━━ SUPPLIED DATA ━━

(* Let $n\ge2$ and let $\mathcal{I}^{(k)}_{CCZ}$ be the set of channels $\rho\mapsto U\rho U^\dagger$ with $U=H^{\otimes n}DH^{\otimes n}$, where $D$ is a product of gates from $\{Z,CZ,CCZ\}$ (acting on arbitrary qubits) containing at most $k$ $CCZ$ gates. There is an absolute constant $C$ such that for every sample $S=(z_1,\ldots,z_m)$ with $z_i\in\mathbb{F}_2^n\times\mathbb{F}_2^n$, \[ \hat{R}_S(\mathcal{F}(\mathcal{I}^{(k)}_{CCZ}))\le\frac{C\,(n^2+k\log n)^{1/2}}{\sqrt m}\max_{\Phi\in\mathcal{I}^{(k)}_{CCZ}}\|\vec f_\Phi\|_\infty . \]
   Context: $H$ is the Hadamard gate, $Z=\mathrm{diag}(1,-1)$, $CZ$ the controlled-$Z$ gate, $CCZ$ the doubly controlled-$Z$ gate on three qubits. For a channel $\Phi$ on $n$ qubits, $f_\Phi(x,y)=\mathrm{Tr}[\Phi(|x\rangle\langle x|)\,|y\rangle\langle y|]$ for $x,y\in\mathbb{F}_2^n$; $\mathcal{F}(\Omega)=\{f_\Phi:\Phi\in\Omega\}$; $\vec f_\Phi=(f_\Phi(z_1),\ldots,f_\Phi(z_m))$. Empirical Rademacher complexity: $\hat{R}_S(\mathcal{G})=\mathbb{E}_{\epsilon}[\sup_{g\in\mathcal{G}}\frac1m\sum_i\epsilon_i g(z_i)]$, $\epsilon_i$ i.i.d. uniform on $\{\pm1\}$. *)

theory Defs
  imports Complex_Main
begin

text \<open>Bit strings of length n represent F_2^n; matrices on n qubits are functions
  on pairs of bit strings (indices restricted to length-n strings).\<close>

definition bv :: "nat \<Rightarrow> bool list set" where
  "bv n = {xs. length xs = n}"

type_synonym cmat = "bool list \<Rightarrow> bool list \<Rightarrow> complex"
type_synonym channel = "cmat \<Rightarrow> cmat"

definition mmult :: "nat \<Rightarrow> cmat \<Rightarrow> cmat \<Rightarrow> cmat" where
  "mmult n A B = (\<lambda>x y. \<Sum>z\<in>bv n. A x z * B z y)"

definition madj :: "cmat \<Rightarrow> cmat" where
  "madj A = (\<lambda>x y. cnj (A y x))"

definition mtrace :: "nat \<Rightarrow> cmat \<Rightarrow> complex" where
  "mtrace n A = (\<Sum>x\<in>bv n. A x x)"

━━━
━━ SUPPLIED DATA ━━

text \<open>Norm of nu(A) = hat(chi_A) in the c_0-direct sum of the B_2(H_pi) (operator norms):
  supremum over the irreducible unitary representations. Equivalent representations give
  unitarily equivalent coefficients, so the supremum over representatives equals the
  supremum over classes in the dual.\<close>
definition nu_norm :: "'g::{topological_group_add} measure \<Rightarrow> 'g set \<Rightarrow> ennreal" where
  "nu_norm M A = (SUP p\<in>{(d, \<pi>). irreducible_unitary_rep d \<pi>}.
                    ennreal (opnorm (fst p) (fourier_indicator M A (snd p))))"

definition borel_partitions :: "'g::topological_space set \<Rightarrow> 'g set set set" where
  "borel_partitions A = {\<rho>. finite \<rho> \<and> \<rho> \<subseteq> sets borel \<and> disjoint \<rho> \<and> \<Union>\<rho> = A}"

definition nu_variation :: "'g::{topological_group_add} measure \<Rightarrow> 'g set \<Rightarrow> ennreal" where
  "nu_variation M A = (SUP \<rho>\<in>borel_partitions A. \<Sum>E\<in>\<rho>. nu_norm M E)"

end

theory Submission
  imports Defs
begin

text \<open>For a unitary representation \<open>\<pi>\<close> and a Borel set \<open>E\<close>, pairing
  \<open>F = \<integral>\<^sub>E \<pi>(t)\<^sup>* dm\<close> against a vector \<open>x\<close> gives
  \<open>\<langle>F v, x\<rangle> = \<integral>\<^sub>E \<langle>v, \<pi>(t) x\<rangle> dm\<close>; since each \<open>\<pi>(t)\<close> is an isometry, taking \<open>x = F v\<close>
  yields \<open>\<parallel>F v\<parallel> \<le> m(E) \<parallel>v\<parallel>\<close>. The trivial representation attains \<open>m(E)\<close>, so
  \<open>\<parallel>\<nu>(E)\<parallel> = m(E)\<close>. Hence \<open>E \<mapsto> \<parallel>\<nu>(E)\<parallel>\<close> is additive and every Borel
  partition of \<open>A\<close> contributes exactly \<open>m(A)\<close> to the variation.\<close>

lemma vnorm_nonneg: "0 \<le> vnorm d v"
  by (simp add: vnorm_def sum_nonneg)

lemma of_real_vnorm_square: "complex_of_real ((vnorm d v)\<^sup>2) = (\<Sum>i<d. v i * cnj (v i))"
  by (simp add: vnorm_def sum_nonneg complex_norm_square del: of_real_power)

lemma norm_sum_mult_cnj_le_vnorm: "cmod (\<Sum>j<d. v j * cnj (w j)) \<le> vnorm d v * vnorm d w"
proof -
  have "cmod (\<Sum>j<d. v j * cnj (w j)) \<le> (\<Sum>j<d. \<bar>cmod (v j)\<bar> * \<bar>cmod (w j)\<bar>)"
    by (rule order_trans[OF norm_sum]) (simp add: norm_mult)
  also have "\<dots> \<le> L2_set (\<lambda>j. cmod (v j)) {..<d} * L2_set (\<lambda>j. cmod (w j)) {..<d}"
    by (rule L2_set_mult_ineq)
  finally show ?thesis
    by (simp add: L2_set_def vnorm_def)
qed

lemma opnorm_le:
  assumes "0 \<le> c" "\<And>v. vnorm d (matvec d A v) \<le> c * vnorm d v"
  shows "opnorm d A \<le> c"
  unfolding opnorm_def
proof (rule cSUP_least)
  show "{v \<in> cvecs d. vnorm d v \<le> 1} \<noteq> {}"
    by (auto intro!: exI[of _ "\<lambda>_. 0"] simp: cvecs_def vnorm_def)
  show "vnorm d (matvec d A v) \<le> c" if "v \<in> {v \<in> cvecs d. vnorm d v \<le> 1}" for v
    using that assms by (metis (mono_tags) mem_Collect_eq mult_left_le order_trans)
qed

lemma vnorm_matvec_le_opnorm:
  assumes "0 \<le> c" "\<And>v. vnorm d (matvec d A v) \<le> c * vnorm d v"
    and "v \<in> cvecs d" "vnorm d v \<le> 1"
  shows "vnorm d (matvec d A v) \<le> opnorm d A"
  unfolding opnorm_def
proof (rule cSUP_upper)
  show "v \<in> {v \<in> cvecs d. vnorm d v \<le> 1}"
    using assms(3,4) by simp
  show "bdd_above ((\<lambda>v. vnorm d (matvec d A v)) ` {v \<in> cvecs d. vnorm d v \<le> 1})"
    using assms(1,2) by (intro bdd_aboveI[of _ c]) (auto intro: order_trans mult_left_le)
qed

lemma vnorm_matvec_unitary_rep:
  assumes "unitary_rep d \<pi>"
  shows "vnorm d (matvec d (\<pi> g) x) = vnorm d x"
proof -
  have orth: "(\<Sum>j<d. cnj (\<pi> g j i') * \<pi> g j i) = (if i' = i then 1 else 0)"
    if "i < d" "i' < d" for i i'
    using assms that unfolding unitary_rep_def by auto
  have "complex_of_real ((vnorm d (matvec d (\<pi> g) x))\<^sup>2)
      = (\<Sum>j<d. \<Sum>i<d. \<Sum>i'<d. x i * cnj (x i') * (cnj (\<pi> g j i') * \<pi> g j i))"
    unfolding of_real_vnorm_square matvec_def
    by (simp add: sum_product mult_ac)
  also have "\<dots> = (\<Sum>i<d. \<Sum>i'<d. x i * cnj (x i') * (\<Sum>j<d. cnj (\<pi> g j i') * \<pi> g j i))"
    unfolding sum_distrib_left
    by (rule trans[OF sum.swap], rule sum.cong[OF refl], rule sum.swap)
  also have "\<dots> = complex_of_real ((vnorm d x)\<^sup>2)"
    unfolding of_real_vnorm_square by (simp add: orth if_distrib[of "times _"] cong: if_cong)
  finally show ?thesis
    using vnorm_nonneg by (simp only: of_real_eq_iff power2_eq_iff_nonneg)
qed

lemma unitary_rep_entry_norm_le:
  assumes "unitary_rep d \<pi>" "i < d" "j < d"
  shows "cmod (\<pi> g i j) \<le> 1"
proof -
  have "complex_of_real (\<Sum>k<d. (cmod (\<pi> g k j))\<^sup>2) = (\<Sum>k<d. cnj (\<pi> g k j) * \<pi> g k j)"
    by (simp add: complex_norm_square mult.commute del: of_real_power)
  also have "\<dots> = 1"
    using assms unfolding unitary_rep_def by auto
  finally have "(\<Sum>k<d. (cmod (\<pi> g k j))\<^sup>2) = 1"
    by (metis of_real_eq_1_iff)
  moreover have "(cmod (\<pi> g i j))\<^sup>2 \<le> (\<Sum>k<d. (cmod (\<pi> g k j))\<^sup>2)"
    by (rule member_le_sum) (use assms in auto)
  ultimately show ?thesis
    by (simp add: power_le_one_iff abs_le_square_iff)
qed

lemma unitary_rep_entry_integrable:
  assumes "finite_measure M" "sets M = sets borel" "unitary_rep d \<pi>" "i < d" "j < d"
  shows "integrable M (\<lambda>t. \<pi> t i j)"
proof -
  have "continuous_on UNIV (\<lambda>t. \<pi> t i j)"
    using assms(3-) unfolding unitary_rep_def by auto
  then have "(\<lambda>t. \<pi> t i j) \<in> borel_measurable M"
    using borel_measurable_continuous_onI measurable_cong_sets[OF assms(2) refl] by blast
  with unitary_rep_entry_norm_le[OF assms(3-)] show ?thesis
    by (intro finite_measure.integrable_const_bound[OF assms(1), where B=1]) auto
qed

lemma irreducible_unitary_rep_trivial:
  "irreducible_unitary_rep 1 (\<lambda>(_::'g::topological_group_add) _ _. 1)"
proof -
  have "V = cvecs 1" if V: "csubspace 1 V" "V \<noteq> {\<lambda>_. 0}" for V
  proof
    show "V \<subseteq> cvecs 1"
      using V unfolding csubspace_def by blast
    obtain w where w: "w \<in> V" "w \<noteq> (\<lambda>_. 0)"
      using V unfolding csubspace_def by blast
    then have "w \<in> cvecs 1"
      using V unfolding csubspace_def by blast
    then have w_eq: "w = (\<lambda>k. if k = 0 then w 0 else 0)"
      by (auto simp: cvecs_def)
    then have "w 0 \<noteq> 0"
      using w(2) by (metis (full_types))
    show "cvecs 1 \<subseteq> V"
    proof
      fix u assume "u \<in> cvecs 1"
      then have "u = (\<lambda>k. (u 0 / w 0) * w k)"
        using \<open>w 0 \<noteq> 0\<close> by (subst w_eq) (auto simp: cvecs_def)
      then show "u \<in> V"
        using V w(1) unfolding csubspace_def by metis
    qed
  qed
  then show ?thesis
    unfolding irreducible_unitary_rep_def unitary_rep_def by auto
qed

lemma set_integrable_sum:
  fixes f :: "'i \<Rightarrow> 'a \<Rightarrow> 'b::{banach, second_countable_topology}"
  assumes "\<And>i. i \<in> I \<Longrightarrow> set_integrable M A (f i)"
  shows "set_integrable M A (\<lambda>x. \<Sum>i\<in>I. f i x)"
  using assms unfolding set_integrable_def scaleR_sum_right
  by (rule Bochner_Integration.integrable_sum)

━━━
━━ SUPPLIED DATA ━━

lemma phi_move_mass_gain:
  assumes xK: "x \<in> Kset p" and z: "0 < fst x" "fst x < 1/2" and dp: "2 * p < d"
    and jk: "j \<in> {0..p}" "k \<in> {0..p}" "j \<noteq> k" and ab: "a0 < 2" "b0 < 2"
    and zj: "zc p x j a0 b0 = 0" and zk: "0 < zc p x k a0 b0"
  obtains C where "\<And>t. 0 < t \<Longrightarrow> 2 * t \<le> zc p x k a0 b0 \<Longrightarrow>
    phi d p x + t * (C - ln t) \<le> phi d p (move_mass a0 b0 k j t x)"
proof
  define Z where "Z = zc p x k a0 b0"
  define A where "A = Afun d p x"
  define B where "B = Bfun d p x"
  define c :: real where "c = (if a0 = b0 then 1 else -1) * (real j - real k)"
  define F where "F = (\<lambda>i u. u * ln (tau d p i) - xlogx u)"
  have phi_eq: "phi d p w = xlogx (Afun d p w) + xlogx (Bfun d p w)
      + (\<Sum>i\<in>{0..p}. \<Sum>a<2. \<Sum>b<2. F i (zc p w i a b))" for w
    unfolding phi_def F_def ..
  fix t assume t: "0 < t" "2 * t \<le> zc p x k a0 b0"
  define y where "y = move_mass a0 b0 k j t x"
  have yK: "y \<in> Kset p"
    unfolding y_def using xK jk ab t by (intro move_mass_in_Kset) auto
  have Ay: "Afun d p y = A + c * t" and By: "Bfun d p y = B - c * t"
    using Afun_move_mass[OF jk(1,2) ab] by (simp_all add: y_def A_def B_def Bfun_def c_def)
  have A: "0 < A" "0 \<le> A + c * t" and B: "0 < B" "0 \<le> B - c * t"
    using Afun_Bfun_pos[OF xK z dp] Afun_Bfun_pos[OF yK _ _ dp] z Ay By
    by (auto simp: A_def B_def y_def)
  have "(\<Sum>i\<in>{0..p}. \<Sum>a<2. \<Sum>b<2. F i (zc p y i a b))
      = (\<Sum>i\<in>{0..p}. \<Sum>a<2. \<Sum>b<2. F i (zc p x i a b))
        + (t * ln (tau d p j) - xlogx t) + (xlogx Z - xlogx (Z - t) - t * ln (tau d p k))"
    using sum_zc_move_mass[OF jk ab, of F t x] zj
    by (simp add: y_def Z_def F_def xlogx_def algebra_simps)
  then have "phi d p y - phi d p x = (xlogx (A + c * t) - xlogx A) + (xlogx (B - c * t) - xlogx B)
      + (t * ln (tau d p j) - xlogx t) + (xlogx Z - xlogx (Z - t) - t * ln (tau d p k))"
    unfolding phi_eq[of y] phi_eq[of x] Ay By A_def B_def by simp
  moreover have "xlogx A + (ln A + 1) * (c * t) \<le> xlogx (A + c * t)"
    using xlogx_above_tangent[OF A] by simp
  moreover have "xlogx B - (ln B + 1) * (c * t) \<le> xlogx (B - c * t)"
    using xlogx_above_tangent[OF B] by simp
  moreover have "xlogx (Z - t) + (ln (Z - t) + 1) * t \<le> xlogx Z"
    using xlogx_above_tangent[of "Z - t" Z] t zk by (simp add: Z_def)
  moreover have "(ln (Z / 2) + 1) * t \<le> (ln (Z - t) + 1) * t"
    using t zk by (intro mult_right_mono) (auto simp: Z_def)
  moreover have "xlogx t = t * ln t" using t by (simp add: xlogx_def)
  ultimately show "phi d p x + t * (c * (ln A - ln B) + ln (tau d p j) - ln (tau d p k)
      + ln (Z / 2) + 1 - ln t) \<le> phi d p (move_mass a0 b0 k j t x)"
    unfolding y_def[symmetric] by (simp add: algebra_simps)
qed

━━━

• TASK ITEM:
How many lines in the entries include "noteq"? Only the number is wanted.

• RESULT FOR THIS EXERCISE:
6